START PROVIDED ENTRIES
lemma sip_eigenfunction_energy:
  fixes c :: "'v::finite \<Rightarrow> 'v \<Rightarrow> real" and alpha :: "'v \<Rightarrow> real"
  assumes sym: "\<And>x y. c x y = c y x"
    and eigen: "\<And>eta. eta \<in> Xi (Suc k) \<Longrightarrow> - sip_gen c alpha f eta = lam * f eta"
  shows "lam * (\<Sum>eta\<in>Xi (Suc k). sip_weight alpha eta * (f eta)\<^sup>2)
       = (\<Sum>xi\<in>Xi k. sip_weight alpha xi * dirichlet_form c (\<lambda>x. alpha x + real (xi x))
            (\<lambda>x. f (add_particle xi x)) (\<lambda>x. f (add_particle xi x)))"
proof -
  have "sip_gen c alpha f eta = - (lam * f eta)" if "eta \<in> Xi (Suc k)" for eta
    using eigen[OF that] by simp
  then have "lam * (\<Sum>eta\<in>Xi (Suc k). sip_weight alpha eta * (f eta)\<^sup>2)
      = - (\<Sum>eta\<in>Xi (Suc k). sip_weight alpha eta * f eta * sip_gen c alpha f eta)"
    unfolding sum_distrib_left sum_negf[symmetric]
    by (intro sum.cong refl) (simp add: power2_eq_square)
  then show ?thesis
    by (simp add: sip_dirichlet_identity[of c, OF sym])
qed

lemma sum_sip_weight_sq_pos:
  assumes "\<And>x. alpha x > 0" and "eta0 \<in> Xi k" and "f eta0 \<noteq> 0"
  shows "(\<Sum>eta\<in>Xi k. sip_weight alpha eta * (f eta)\<^sup>2) > 0"
proof (rule sum_pos2[OF finite_Xi assms(2)])
  show "0 < sip_weight alpha eta0 * (f eta0)\<^sup>2"
    using assms(3) sip_weight_pos[of alpha, OF assms(1)] by simp
  show "0 \<le> sip_weight alpha eta * (f eta)\<^sup>2" for eta
    using sip_weight_pos[of alpha, OF assms(1)] by (simp add: less_imp_le)
qed
lemma opnorm_le: "(\<And>x. norm ((A::complex^'n^'n) *v x) \<le> b * norm x) \<Longrightarrow> opnorm A \<le> b"
  unfolding opnorm_def by (rule onorm_le)

lemma opnorm_zero [simp]: "opnorm (0::complex^'n^'n) = 0"
  using opnorm_le[of "0::complex^'n^'n" 0] opnorm_nonneg[of "0::complex^'n^'n"] by simp

lemma opnorm_add_le: "opnorm ((A::complex^'n^'n) + B) \<le> opnorm A + opnorm B"
proof (rule opnorm_le)
  fix x
  have "norm ((A + B) *v x) \<le> norm (A *v x) + norm (B *v x)"
    by (simp add: matrix_vector_mult_add_rdistrib norm_triangle_ineq)
  also have "\<dots> \<le> opnorm A * norm x + opnorm B * norm x"
    by (intro add_mono opnorm_mult_vec_le)
  finally show "norm ((A + B) *v x) \<le> (opnorm A + opnorm B) * norm x"
    by (simp add: algebra_simps)
qed

lemma opnorm_matrix_mult_le: "opnorm ((A::complex^'n^'n) ** B) \<le> opnorm A * opnorm B"
proof (rule opnorm_le)
  fix x
  have "norm ((A ** B) *v x) = norm (A *v (B *v x))"
    by (simp add: matrix_vector_mul_assoc)
  also have "\<dots> \<le> opnorm A * norm (B *v x)"
    by (rule opnorm_mult_vec_le)
  also have "\<dots> \<le> opnorm A * (opnorm B * norm x)"
    by (intro mult_left_mono opnorm_mult_vec_le opnorm_nonneg)
  finally show "norm ((A ** B) *v x) \<le> (opnorm A * opnorm B) * norm x"
    by (simp add: algebra_simps)
qed

lemma opnorm_minus_commute: "opnorm ((A::complex^'n^'n) - B) = opnorm (B - A)"
proof -
  have "(\<lambda>x. (A - B) *v x) = (\<lambda>x. - ((B - A) *v x))"
    by (simp add: fun_eq_iff matrix_vector_mult_diff_rdistrib)
  then show ?thesis
    by (simp add: opnorm_def onorm_neg)
qed

lemma mat_mult_vec: "(mat c :: 'a::semiring_1^'n^'n) *v x = c *s x"
proof -
  have "(\<Sum>j\<in>UNIV. (if i = j then c else 0) * x $ j) = c * x $ i" for i
    by (subst sum.cong[OF refl, of _ _ "\<lambda>j. if i = j then c * x $ j else 0"]) auto
  then show ?thesis
    by (simp add: vec_eq_iff matrix_vector_mult_def mat_def)
qed

lemma norm_scalar_mult_vec: "norm (c *s (x::complex^'n)) = norm c * norm x"
  by (simp add: norm_vec_def norm_mult L2_set_right_distrib)

lemma opnorm_mat_le: "opnorm (mat c :: complex^'n^'n) \<le> norm c"
  by (rule opnorm_le) (simp add: mat_mult_vec norm_scalar_mult_vec)

lemma norm_nth_le_opnorm: "norm ((A::complex^'n^'n) $ i $ j) \<le> opnorm A"
proof -
  have "A $ i $ j = (A *v axis j 1) $ i"
    by (simp add: matrix_vector_mult_def axis_def if_distrib sum.delta cong: if_cong)
  then have "norm (A $ i $ j) \<le> norm (A *v axis j 1)"
    by (metis Finite_Cartesian_Product.norm_nth_le)
  also have "\<dots> \<le> opnorm A"
    using opnorm_mult_vec_le[of A "axis j 1"] by (simp add: norm_axis_1)
  finally show ?thesis .
qed

lemma opnorm_le_sum_nth: "opnorm (A::complex^'n^'n) \<le> (\<Sum>i\<in>UNIV. \<Sum>j\<in>UNIV. norm (A $ i $ j))"
proof (rule opnorm_le)
  fix x
  have "norm (A *v x) \<le> (\<Sum>i\<in>UNIV. norm ((A *v x) $ i))"
    unfolding norm_vec_def by (rule L2_set_le_sum) simp
  also have "\<dots> \<le> (\<Sum>i\<in>UNIV. \<Sum>j\<in>UNIV. norm (A $ i $ j) * norm x)"
  proof (rule sum_mono)
    fix i
    have "norm ((A *v x) $ i) \<le> (\<Sum>j\<in>UNIV. norm (A $ i $ j * x $ j))"
      unfolding matrix_vector_mult_def by (simp add: norm_sum del: norm_vec_def)
    also have "\<dots> \<le> (\<Sum>j\<in>UNIV. norm (A $ i $ j) * norm x)"
      by (intro sum_mono)
        (simp add: norm_mult mult_left_mono Finite_Cartesian_Product.norm_nth_le del: norm_vec_def)
    finally show "norm ((A *v x) $ i) \<le> (\<Sum>j\<in>UNIV. norm (A $ i $ j) * norm x)" .
  qed
  finally show "norm (A *v x) \<le> (\<Sum>i\<in>UNIV. \<Sum>j\<in>UNIV. norm (A $ i $ j)) * norm x"
    by (simp add: sum_distrib_right)
qed
lemma has_real_derivative_time:
  fixes \<psi> :: "real \<Rightarrow> 'a::real_normed_vector \<Rightarrow> real"
  assumes "smooth (case_prod \<psi>)"
  shows "((\<lambda>s. \<psi> s x) has_real_derivative frechet_derivative (case_prod \<psi>) (at (t, x)) (1, 0)) (at t)"
proof -
  let ?D = "frechet_derivative (case_prod \<psi>) (at (t, x))"
  have "((\<lambda>s. (s, x)) has_derivative (\<lambda>h. (h, 0))) (at t)"
    by (auto intro!: derivative_eq_intros)
  from diff_chain_at[OF this smooth_has_derivative[OF assms, of "(t, x)"]]
  have D: "((\<lambda>s. \<psi> s x) has_derivative (\<lambda>h. ?D (h, 0))) (at t)"
    by (simp add: o_def)
  have lin: "linear ?D"
    using linear_frechet_derivative smooth_imp_differentiable[OF assms] by blast
  have eq: "(\<lambda>h. ?D (h, 0)) = (*) (?D (1, 0))"
  proof
    fix h :: real
    have "?D (h, 0) = ?D (h *\<^sub>R (1, 0))"
      by simp
    also have "\<dots> = h *\<^sub>R ?D (1, 0)"
      using lin by (rule linear_scale)
    finally show "?D (h, 0) = ?D (1, 0) * h"
      by (simp only: real_scaleR_def mult.commute)
  qed
  from D show ?thesis
    unfolding has_field_derivative_def eq .
qed

lemma lie_eq_frechet_derivative:
  fixes \<psi> :: "real \<Rightarrow> 'a::euclidean_space \<Rightarrow> real"
  assumes "smooth (case_prod \<psi>)"
  shows "lie F \<psi> t x = frechet_derivative (case_prod \<psi>) (at (t, x)) (1, F t x)"
proof -
  have "linear (frechet_derivative (case_prod \<psi>) (at (t, x)))"
    using linear_frechet_derivative smooth_imp_differentiable[OF assms] by blast
  then have "frechet_derivative (case_prod \<psi>) (at (t, x)) ((0, F t x) + (1, 0)) =
      frechet_derivative (case_prod \<psi>) (at (t, x)) (0, F t x) +
      frechet_derivative (case_prod \<psi>) (at (t, x)) (1, 0)"
    by (rule linear_add)
  then show ?thesis
    unfolding lie_def frechet_derivative_state[OF assms] DERIV_imp_deriv[OF has_real_derivative_time[OF assms]]
    by simp
qed
lemma two_two_split:
  assumes "card W = 4" "f ` W \<subseteq> {u, v}"
    and no_three: "\<And>x y z. x \<in> W \<Longrightarrow> y \<in> W \<Longrightarrow> z \<in> W \<Longrightarrow> distinct [x, y, z] \<Longrightarrow>
      f x = f y \<Longrightarrow> f y = f z \<Longrightarrow> False"
  obtains w1 w2 w3 w4 where "W = {w1, w2, w3, w4}" "distinct [w1, w2, w3, w4]"
    "f w1 = u" "f w2 = u" "f w3 = v" "f w4 = v"
proof -
  have fibre: "card {w \<in> W. f w = x} \<le> 2" for x
  proof (rule ccontr)
    assume "\<not> card {w \<in> W. f w = x} \<le> 2"
    then have "3 \<le> card {w \<in> W. f w = x}"
      by simp
    then obtain T where T: "T \<subseteq> {w \<in> W. f w = x}" "card T = 3"
      by (rule obtain_subset_with_card_n)
    then obtain y1 y2 y3 where "T = {y1, y2, y3}" "distinct [y1, y2, y3]"
      by (auto simp: card_3_iff)
    then show False
      using no_three[of y1 y2 y3] T(1) by simp
  qed
  define A where "A = {w \<in> W. f w = u}"
  define B where "B = {w \<in> W. f w = v}"
  have W: "W = A \<union> B"
    using assms(2) by (auto simp: A_def B_def)
  have "finite W"
    using assms(1) by (metis card.infinite zero_neq_numeral)
  have card: "card A \<le> 2" "card B \<le> 2"
    using fibre by (simp_all add: A_def B_def)
  have "u \<noteq> v"
  proof
    assume "u = v"
    then have "W = A"
      using W by (simp add: A_def B_def)
    then show False
      using card assms(1) by simp
  qed
  then have "A \<inter> B = {}"
    by (auto simp: A_def B_def)
  moreover have "finite A" "finite B"
    using \<open>finite W\<close> by (simp_all add: A_def B_def)
  ultimately have "card W = card A + card B"
    using W card_Un_disjoint by metis
  then have "card A = 2" "card B = 2"
    using card assms(1) by linarith+
  then obtain w1 w2 w3 w4 where A: "A = {w1, w2}" "w1 \<noteq> w2" and B: "B = {w3, w4}" "w3 \<noteq> w4"
    by (meson card_2_iff)
  have "f w1 = u" "f w2 = u" "f w3 = v" "f w4 = v"
    using A(1) B(1) by (auto simp: A_def B_def set_eq_iff)
  moreover have "W = {w1, w2, w3, w4}"
    using W A B by auto
  ultimately show ?thesis
    using A B \<open>u \<noteq> v\<close> by (intro that[of w1 w2 w3 w4]) auto
qed
(* Let $\nu\geq5$ be an integer and let $f_{\nu-1}(z,\zeta)=z^{\nu-1}f(\zeta)$, $g_{\nu-2}(z,\zeta)=z^{\nu-2}g(\zeta)$, $h_\nu(z,\zeta)=z^\nu h(\zeta)$ with $f,g,h$ holomorphic near $0\in\mathbb{C}$. Define $$\Phi(z,\zeta,\bar z,\bar\zeta):=2\operatorname{Re}\Big\{\frac{\bar z+z\bar\zeta}{1-\zeta\bar\zeta}f_{\nu-1}(z,\zeta)+\frac{(\bar z+z\bar\zeta)^2}{2(1-\zeta\bar\zeta)^2}g_{\nu-2}(z,\zeta)-\frac12h_\nu(z,\zeta)\Big\}.$$ Then $\Phi=O_{\bar z}(3)+O_{\bar\zeta}(1)$ if and only if $f_{\nu-1}=g_{\nu-2}=h_\nu=0$. Equivalently, at weight level $\nu\geq5$, the only biholomorphism $z'=z+f_{\nu-1}$, $\zeta'=\zeta+g_{\nu-2}$, $w'=w+h_\nu$ for which the weight-$\nu$ parts $G_\nu$ and $G'_\nu=G_\nu-\Phi$ both satisfy $G_\nu=O_{\bar z}(3)+O_{\bar\zeta}(1)=G'_\nu$ is the identity.
   Context: $2\operatorname{Re}\{X\}=X+\overline X$. The notation $O_{\bar z}(3)+O_{\bar\zeta}(1)$ means a function of the form $\bar z^3A+\bar\zeta B$ with $A,B$ convergent power series in $(z,\zeta,\bar z,\bar\zeta)$. Weights: $[z]=[\bar z]=1$, $[\zeta]=[\bar\zeta]=0$; $G_\nu$ denotes a weighted homogeneous real power series of weight $\nu$ (all monomials $z^a\zeta^b\bar z^c\bar\zeta^d$ with $a+c=\nu$). *)

theory Defs
  imports "HOL-Analysis.Analysis"
begin

definition conv_ps4 :: "(nat \<Rightarrow> nat \<Rightarrow> nat \<Rightarrow> nat \<Rightarrow> complex) \<Rightarrow> bool" where
  "conv_ps4 c \<longleftrightarrow> (\<exists>\<rho>>0. (\<lambda>(a, b, k, d). norm (c a b k d) * \<rho> ^ (a + b + k + d))
      summable_on (UNIV :: (nat \<times> nat \<times> nat \<times> nat) set))"

definition eval_ps4 :: "(nat \<Rightarrow> nat \<Rightarrow> nat \<Rightarrow> nat \<Rightarrow> complex) \<Rightarrow> complex \<Rightarrow> complex \<Rightarrow> complex \<Rightarrow> complex \<Rightarrow> complex" where
  "eval_ps4 c x1 x2 x3 x4 =
     (\<Sum>\<^sub>\<infinity>(a, b, k, d) \<in> (UNIV :: (nat \<times> nat \<times> nat \<times> nat) set).
        c a b k d * x1 ^ a * x2 ^ b * x3 ^ k * x4 ^ d)"

text \<open>A function F of (z, zeta) (real-analytic, viewed as a function of z, zeta, zbar, zetabar)
  is O_zbar(3) + O_zetabar(1): F = zbar^3 A + zetabar B near 0 with A, B convergent power series
  in (z, zeta, zbar, zetabar).\<close>
definition O_zbar3_zetabar1 :: "(complex \<Rightarrow> complex \<Rightarrow> complex) \<Rightarrow> bool" where
  "O_zbar3_zetabar1 F \<longleftrightarrow>
     (\<exists>A B. conv_ps4 A \<and> conv_ps4 B \<and>
        (\<exists>\<epsilon>>0. \<forall>z \<zeta>. norm z < \<epsilon> \<and> norm \<zeta> < \<epsilon> \<longrightarrow>
           F z \<zeta> = cnj z ^ 3 * eval_ps4 A z \<zeta> (cnj z) (cnj \<zeta>)
                  + cnj \<zeta> * eval_ps4 B z \<zeta> (cnj z) (cnj \<zeta>)))"

definition Phi :: "nat \<Rightarrow> (complex \<Rightarrow> complex) \<Rightarrow> (complex \<Rightarrow> complex) \<Rightarrow> (complex \<Rightarrow> complex)
    \<Rightarrow> complex \<Rightarrow> complex \<Rightarrow> complex" where
  "Phi \<nu> f g h z \<zeta> =
     (let X = (cnj z + z * cnj \<zeta>) / (1 - \<zeta> * cnj \<zeta>) * (z ^ (\<nu> - 1) * f \<zeta>)
            + (cnj z + z * cnj \<zeta>) ^ 2 / (2 * (1 - \<zeta> * cnj \<zeta>) ^ 2) * (z ^ (\<nu> - 2) * g \<zeta>)
            - 1 / 2 * (z ^ \<nu> * h \<zeta>)
      in X + cnj X)"

end

theory Submission
  imports Defs "HOL-Complex_Analysis.Complex_Analysis"
begin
END PROVIDED ENTRIES
_WORK TASK_.
Go through the listing above and copy each line where the string "open" appears.

_RESPONSE TO THIS TASK_.
    using \<open>finite W\<close> by (simp_all add: A_def B_def)
    using A B \<open>u \<noteq> v\<close> by (intro that[of w1 w2 w3 w4]) auto
text \<open>A function F of (z, zeta) (real-analytic, viewed as a function of z, zeta, zbar, zetabar)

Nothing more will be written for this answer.